Professor of Paediatric Physiology
University of Exeter
UK

Biography

Neil graduated from Loughborough with BEd and MSc degrees and earned his PhD and Higher Doctorate (DSc) at Exeter. He has been awarded Honorary Doctorates by Universities in Portugal (ScD) and Canada (LLD). Neil was appointed to Exeter in 1984 and was promoted to the first University Personal Chair in Sport and Health Sciences in 1992. He initiated the study of sport science in Exeter, founded the Children’s Health and Exercise Research Centre in 1987 and established the Department of Sport Science in 1998. He served as Head of the School of Postgraduate Medicine before founding the School of Sport and Health Sciences in 2002. He was appointed Deputy Vice-Chancellor in 2005 and served as Senior DVC and then as the University’s Inaugural Provost until 2014 when he decided to return to his research. Neil chaired the Sport Science Panel in the first two HEFCE Research Assessment Exercises (now REF). He was the first scientist to be awarded Fellowship of the British (FBASES), European (FECSS) and American (FACSM) Colleges of Sports Medicine/Science and he is the only person to have chaired both BASES and the Physical Education Association of the UK. He has chaired the Board of European Pediatric Work Physiology (PWP) since 2005. He served two terms as Chair of South West Sport (Ministerial appointment) and he chaired the South West 2012 Olympics Legacy Project.

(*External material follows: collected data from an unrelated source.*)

lemma reduced_word_inversion_adding:
  assumes perm: "\<sigma> permutes {..<k}" and red: "reduced_word k \<sigma> ws"
  shows "inversion_adding ws" and "length ws = inversion_count k (inv \<sigma>)"
    and "word_perm_inv ws = inv \<sigma>"
proof -
  have ws: "\<forall>j\<in>set ws. Suc j < k" "perm_of_word ws = \<sigma>"
    and minimal: "\<And>ws'. \<forall>j\<in>set ws'. Suc j < k \<Longrightarrow> perm_of_word ws' = \<sigma> \<Longrightarrow>
      length ws \<le> length ws'"
    using red unfolding reduced_word_def by auto
  then show inv: "word_perm_inv ws = inv \<sigma>" by (simp add: word_perm_inv_eq_inv)
  obtain ws0 where "\<forall>j\<in>set ws0. Suc j < k" "perm_of_word ws0 = \<sigma>"
      "length ws0 = inversion_count k (inv \<sigma>)"
    using exists_word_of_perm[OF perm] by blast
  then have "length ws \<le> inversion_count k (inv \<sigma>)" using minimal by fastforce
  then show "length ws = inversion_count k (inv \<sigma>)"
    using inversion_count_word(1)[OF ws(1)] inv by simp
  then show "inversion_adding ws" using inversion_count_word(2)[OF ws(1)] inv by simp
qed

section \<open>The inversion polynomial\<close>

definition insert_cycle :: "nat \<Rightarrow> nat \<Rightarrow> nat \<Rightarrow> nat" where
  "insert_cycle k p v = (if v < p then v else if v < k then Suc v else if v = k then p else v)"

definition remove_cycle :: "nat \<Rightarrow> nat \<Rightarrow> nat \<Rightarrow> nat" where
  "remove_cycle k p v = (if v < p then v else if v = p then k else if v \<le> k then v - 1 else v)"

lemma remove_cycle_insert_cycle [simp]: "p \<le> k \<Longrightarrow> remove_cycle k p (insert_cycle k p v) = v"
  unfolding insert_cycle_def remove_cycle_def by auto

lemma insert_cycle_remove_cycle [simp]: "p \<le> k \<Longrightarrow> insert_cycle k p (remove_cycle k p v) = v"
  unfolding insert_cycle_def remove_cycle_def by auto

lemma insert_cycle_permutes: "p \<le> k \<Longrightarrow> insert_cycle k p permutes {..<Suc k}"
  by (intro bij_imp_permutes bij_betw_byWitness[where f' = "remove_cycle k p"])
    (auto simp: insert_cycle_def remove_cycle_def)

lemma remove_cycle_permutes: "p \<le> k \<Longrightarrow> remove_cycle k p permutes {..<Suc k}"
  by (intro bij_imp_permutes bij_betw_byWitness[where f' = "insert_cycle k p"])
    (auto simp: insert_cycle_def remove_cycle_def)

lemma card_permutes_filter:
  assumes \<sigma>: "\<sigma> permutes {..<k}"
  shows "card {x. x < k \<and> P (\<sigma> x)} = card {y. y < k \<and> P y}"
proof -
  have "\<sigma> ` {x. x < k \<and> P (\<sigma> x)} = {y. y < k \<and> P y}"
  proof (intro equalityI subsetI)
    fix y assume "y \<in> {y. y < k \<and> P y}"
    moreover have "inv \<sigma> y < k \<longleftrightarrow> y < k" "\<sigma> (inv \<sigma> y) = y"
      using permutes_in_image[OF permutes_inv[OF \<sigma>]] permutes_inverses(1)[OF \<sigma>] by auto
    ultimately show "y \<in> \<sigma> ` {x. x < k \<and> P (\<sigma> x)}"
      by (metis (mono_tags, lifting) image_eqI mem_Collect_eq)
  qed (use permutes_in_image[OF \<sigma>] in auto)
  moreover have "inj_on \<sigma> {x. x < k \<and> P (\<sigma> x)}"
    using inj_on_subset[OF permutes_inj[OF \<sigma>] subset_UNIV] .
  ultimately show ?thesis by (metis card_image)
qed

lemma inversions_insert_cycle:
  assumes pk: "p \<le> k" and \<tau>: "\<tau> permutes {..<k}"
  shows "inversions (Suc k) (insert_cycle k p \<circ> \<tau>) =
    inversions k \<tau> \<union> (\<lambda>x. (x, k)) ` {x. x < k \<and> p \<le> \<tau> x}"
proof (rule set_eqI)
  fix z :: "nat \<times> nat"
  obtain x y where z: "z = (x, y)" by (cases z)
  have \<tau>_less: "\<tau> x < k \<longleftrightarrow> x < k" for x using permutes_in_image[OF \<tau>] by simp
  have "\<tau> k = k" using permutes_not_in[OF \<tau>] by simp
  then have "insert_cycle k p (\<tau> k) = p" using pk unfolding insert_cycle_def by simp
  moreover have "x < k \<Longrightarrow> p < insert_cycle k p (\<tau> x) \<longleftrightarrow> p \<le> \<tau> x"
    using \<tau>_less[of x] unfolding insert_cycle_def by auto
  moreover have "x < k \<Longrightarrow> y < k \<Longrightarrow>
      insert_cycle k p (\<tau> y) < insert_cycle k p (\<tau> x) \<longleftrightarrow> \<tau> y < \<tau> x"
    using \<tau>_less[of x] \<tau>_less[of y] unfolding insert_cycle_def by auto
  ultimately show "z \<in> inversions (Suc k) (insert_cycle k p \<circ> \<tau>) \<longleftrightarrow>
      z \<in> inversions k \<tau> \<union> (\<lambda>x. (x, k)) ` {x. x < k \<and> p \<le> \<tau> x}"
    unfolding z inversions_def by (cases "y < k"; cases "y = k") auto
qed

lemma inversion_count_insert_cycle:
  assumes pk: "p \<le> k" and \<tau>: "\<tau> permutes {..<k}"
  shows "inversion_count (Suc k) (insert_cycle k p \<circ> \<tau>) = inversion_count k \<tau> + (k - p)"
proof -
  let ?A = "{x. x < k \<and> p \<le> \<tau> x}"
  have "card ?A = card {y. y < k \<and> p \<le> y}" by (rule card_permutes_filter[OF \<tau>])
  also have "{y. y < k \<and> p \<le> y} = {p..<k}" by auto
  finally have "card ((\<lambda>x. (x, k)) ` ?A) = k - p" by (simp add: card_image inj_on_def)
  moreover have "inversions k \<tau> \<inter> (\<lambda>x. (x, k)) ` ?A = {}" unfolding inversions_def by auto
  ultimately show ?thesis
    unfolding inversion_count_def inversions_insert_cycle[OF assms]
    by (simp add: card_Un_disjoint finite_inversions)
qed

Neil led the physiology team in the development of the International Olympic Committee (IOC)’s guidelines for training elite young athletes. Over the last 20 years he has been a core member or chair of numerous International Expert Committees (including those of IOC, WHO, FIMS, PWP, EUPEA and FIG) focused on the promotion of children’s sport, fitness, health and well-being. Neil’s research won the first (and to date only) Queen's Anniversary Prize for Higher Education to be awarded for research in sport and exercise medicine. The Queen’s Anniversary Prize, awarded for ‘world class work which is of outstanding quality and importance to the nation’, was presented by HM the Queen at Buckingham Palace.